> PROBLEM DESCRIPTION
From the entries, copy each line that includes "shows".

> PROVIDED MATERIAL
• • • • •

lemma hadamard_kernel_binomial_sums:
  fixes \<alpha> a t :: real and x :: "real \<Rightarrow> real"
  assumes "\<alpha> > 0" "0 < a" "a < t" "continuous_on {a..t} x"
  shows "(\<lambda>k. LBINT \<tau>=a..t. pochhammer (1 - \<alpha>) k / fact k * ln (t / a) powr (\<alpha> - 1 - real k)
            * ln (\<tau> / a) ^ k * x \<tau> / \<tau>)
         sums (LBINT \<tau>=a..t. ln (t / \<tau>) powr (\<alpha> - 1) * x \<tau> / \<tau>)"
proof -
  define L where "L = ln (t / a)"
  define c where "c k = pochhammer (1 - \<alpha>) k / fact k * L powr (\<alpha> - 1 - real k)" for k
  have "L > 0"
    using assms unfolding L_def by (simp add: divide_less_eq)
  have "bounded (x ` {a..t})"
    using compact_continuous_image[OF assms(4) compact_Icc] by (rule compact_imp_bounded)
  then obtain M where M: "\<And>\<tau>. \<tau> \<in> {a..t} \<Longrightarrow> \<bar>x \<tau>\<bar> \<le> M"
    unfolding bounded_iff by force
  have expansion: "(\<lambda>k. c k * ln (\<tau> / a) ^ k) sums ln (t / \<tau>) powr (\<alpha> - 1)"
    and abs_summable: "summable (\<lambda>k. \<bar>c k * ln (\<tau> / a) ^ k\<bar>)" if "\<tau> \<in> {a..<t}" for \<tau>
  proof -
    have "0 \<le> ln (\<tau> / a)" "ln (\<tau> / a) < L"
      using that assms(2) unfolding L_def by (auto simp: divide_strict_right_mono)
    moreover have "L - ln (\<tau> / a) = ln (t / \<tau>)"
      using that assms(2) unfolding L_def by (simp add: ln_div)
    ultimately show "(\<lambda>k. c k * ln (\<tau> / a) ^ k) sums ln (t / \<tau>) powr (\<alpha> - 1)"
      and "summable (\<lambda>k. \<bar>c k * ln (\<tau> / a) ^ k\<bar>)"
      using powr_diff_binomial_sums[of "ln (\<tau> / a)" L "\<alpha> - 1"]
        powr_diff_binomial_summable_abs[of "ln (\<tau> / a)" L "\<alpha> - 1"]
      by (simp_all add: c_def)
  qed
  have integral_bound: "(LBINT \<tau>=a..t. \<bar>c k * ln (\<tau> / a) ^ k * x \<tau> / \<tau>\<bar>)
      \<le> M * L powr \<alpha> * (\<bar>pochhammer (1 - \<alpha>) k / fact k\<bar> / real (Suc k))" for k
  proof -
    have "L ^ Suc k = L powr real (Suc k)"
      using \<open>L > 0\<close> by (rule powr_realpow[symmetric])
    then have "L powr (\<alpha> - 1 - real k) * L ^ Suc k = L powr \<alpha>"
      by (simp add: powr_add[symmetric])
    then have "\<bar>c k\<bar> * M * (L ^ Suc k / real (Suc k))
        = M * L powr \<alpha> * (\<bar>pochhammer (1 - \<alpha>) k / fact k\<bar> / real (Suc k))"
      by (simp add: c_def abs_mult)
    then show ?thesis
      using interval_integral_abs_ln_power_term_le[OF assms(2) _ assms(4) M, of "c k" k] assms(3)
      unfolding L_def by simp
  qed
  have integral_nonneg: "0 \<le> (LBINT \<tau>=a..t. \<bar>c k * ln (\<tau> / a) ^ k * x \<tau> / \<tau>\<bar>)" for k
    using assms(3) by (simp add: interval_integral_Icc set_lebesgue_integral_def)
  have "summable (\<lambda>k. M * L powr \<alpha> * (\<bar>pochhammer (1 - \<alpha>) k / fact k\<bar> / real (Suc k)))"
    using summable_pochhammer_over_fact_div_Suc[OF assms(1)] by (rule summable_mult)
  then have summable_integrals: "summable (\<lambda>k. LBINT \<tau>=a..t. \<bar>c k * ln (\<tau> / a) ^ k * x \<tau> / \<tau>\<bar>)"
    by (rule summable_comparison_test'[where N = 0])
      (simp only: real_norm_def abs_of_nonneg[OF integral_nonneg] integral_bound)
  have "(\<lambda>k. LBINT \<tau>=a..t. c k * ln (\<tau> / a) ^ k * x \<tau> / \<tau>)
      sums (LBINT \<tau>=a..t. ln (t / \<tau>) powr (\<alpha> - 1) * x \<tau> / \<tau>)"
  proof (rule interval_integral_sums)
    show "continuous_on {a..t} (\<lambda>\<tau>. c k * ln (\<tau> / a) ^ k * x \<tau> / \<tau>)" for k
      using assms by (intro continuous_intros) auto
  next
    fix \<tau> assume "\<tau> \<in> {a..<t}"
    then show "summable (\<lambda>k. \<bar>c k * ln (\<tau> / a) ^ k * x \<tau> / \<tau>\<bar>)"
      and "(\<lambda>k. c k * ln (\<tau> / a) ^ k * x \<tau> / \<tau>) sums (ln (t / \<tau>) powr (\<alpha> - 1) * x \<tau> / \<tau>)"
      using summable_mult2[OF abs_summable, of \<tau> "\<bar>x \<tau> / \<tau>\<bar>"] sums_mult2[OF expansion, of \<tau> "x \<tau> / \<tau>"]
      by (simp_all add: abs_mult)
  qed (use assms(3) summable_integrals in simp_all)
  then show ?thesis
    by (simp add: c_def L_def)
qed

lemma B_coef_mult_V_fun_eq:
  "B_coef n \<alpha> (k + (n + 1)) * L powr (\<alpha> + real n - real (k + (n + 1))) * V_fun n a x (k + (n + 1)) t
   = 1 / Gamma \<alpha> * (LBINT \<tau>=a..t. pochhammer (1 - \<alpha>) k / fact k * L powr (\<alpha> - 1 - real k)
       * ln (\<tau> / a) ^ k * x \<tau> / \<tau>)"
proof -
  define I where "I = (LBINT \<tau>=a..t. ln (\<tau> / a) ^ k * x \<tau> / \<tau>)"
  define C where "C = pochhammer (1 - \<alpha>) k / fact k * L powr (\<alpha> - 1 - real k)"
  have exponent: "\<alpha> + real n - real (k + (n + 1)) = \<alpha> - 1 - real k"
    by simp
  have V: "V_fun n a x (k + (n + 1)) t = real (Suc k) * I"
    unfolding V_fun_def I_def interval_lebesgue_integral_mult_right[symmetric]
    by (simp add: mult.assoc)
  have "(LBINT \<tau>=a..t. C * ln (\<tau> / a) ^ k * x \<tau> / \<tau>) = C * I"
    unfolding I_def interval_lebesgue_integral_mult_right[symmetric]
    by (simp add: mult.assoc)
  moreover have "B_coef n \<alpha> (k + (n + 1)) * L powr (\<alpha> + real n - real (k + (n + 1)))
      = 1 / Gamma \<alpha> * C / real (Suc k)"
    unfolding B_coef_def C_def exponent by (simp add: mult_ac)
  ultimately show ?thesis
    unfolding V C_def[symmetric] by simp
qed

lemma A_coef_eq_0:
  assumes "\<alpha> > 0" "i \<le> n"
  shows "A_coef n \<alpha> i = 0"
proof -
  have "(\<lambda>k. pochhammer (- (\<alpha> + real i)) k / fact k) sums 0"
    using assms(1) by (intro pochhammer_over_fact_sums_0) simp
  then have "(\<lambda>q. pochhammer (- \<alpha> - real i) (Suc q) / fact (Suc q)) sums (- 1)"
    by (subst sums_Suc_iff) simp
  moreover have "q + (n - i + 1) + i - n = Suc q" for q
    using assms(2) by simp
  ultimately show ?thesis
    unfolding A_coef_def by (simp add: sums_iff)
qed

theorem theorem6p3:
  fixes \<alpha> a b t :: real and n :: nat and x :: "real \<Rightarrow> real"
  assumes "\<alpha> > 0" and "0 < a" and "a < b"
    and "Ck_on (Suc n) {a..b} x"
    and "t \<in> {a<..b}"
  shows "(\<lambda>q. B_coef n \<alpha> (q + (n + 1)) * (ln (t / a)) powr (\<alpha> + real n - real (q + (n + 1)))
              * V_fun n a x (q + (n + 1)) t)
         sums (hadamard_int a \<alpha> x t
               - (\<Sum>i\<le>n. A_coef n \<alpha> i * (ln (t / a)) powr (\<alpha> + real i) * xk0 a b x i t))"
proof -
  have "continuous_on {a..t} x"
    by (rule continuous_on_subset[OF Ck_on_imp_continuous_on[OF assms(4)]]) (use assms(5) in auto)
  then have "(\<lambda>q. 1 / Gamma \<alpha> * (LBINT \<tau>=a..t. pochhammer (1 - \<alpha>) q / fact q
      * ln (t / a) powr (\<alpha> - 1 - real q) * ln (\<tau> / a) ^ q * x \<tau> / \<tau>)) sums hadamard_int a \<alpha> x t"
    unfolding hadamard_int_def using assms(1,2,5)
    by (intro sums_mult hadamard_kernel_binomial_sums) auto
  moreover have "(\<Sum>i\<le>n. A_coef n \<alpha> i * (ln (t / a)) powr (\<alpha> + real i) * xk0 a b x i t) = 0"
    using assms(1) by (simp add: A_coef_eq_0)
  ultimately show ?thesis
    unfolding B_coef_mult_V_fun_eq by simp
qed

end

• • • • •

> SOLVED PROBLEM
  shows "(\<lambda>k. LBINT \<tau>=a..t. pochhammer (1 - \<alpha>) k / fact k * ln (t / a) powr (\<alpha> - 1 - real k)
  shows "A_coef n \<alpha> i = 0"
  shows "(\<lambda>q. B_coef n \<alpha> (q + (n + 1)) * (ln (t / a)) powr (\<alpha> + real n - real (q + (n + 1)))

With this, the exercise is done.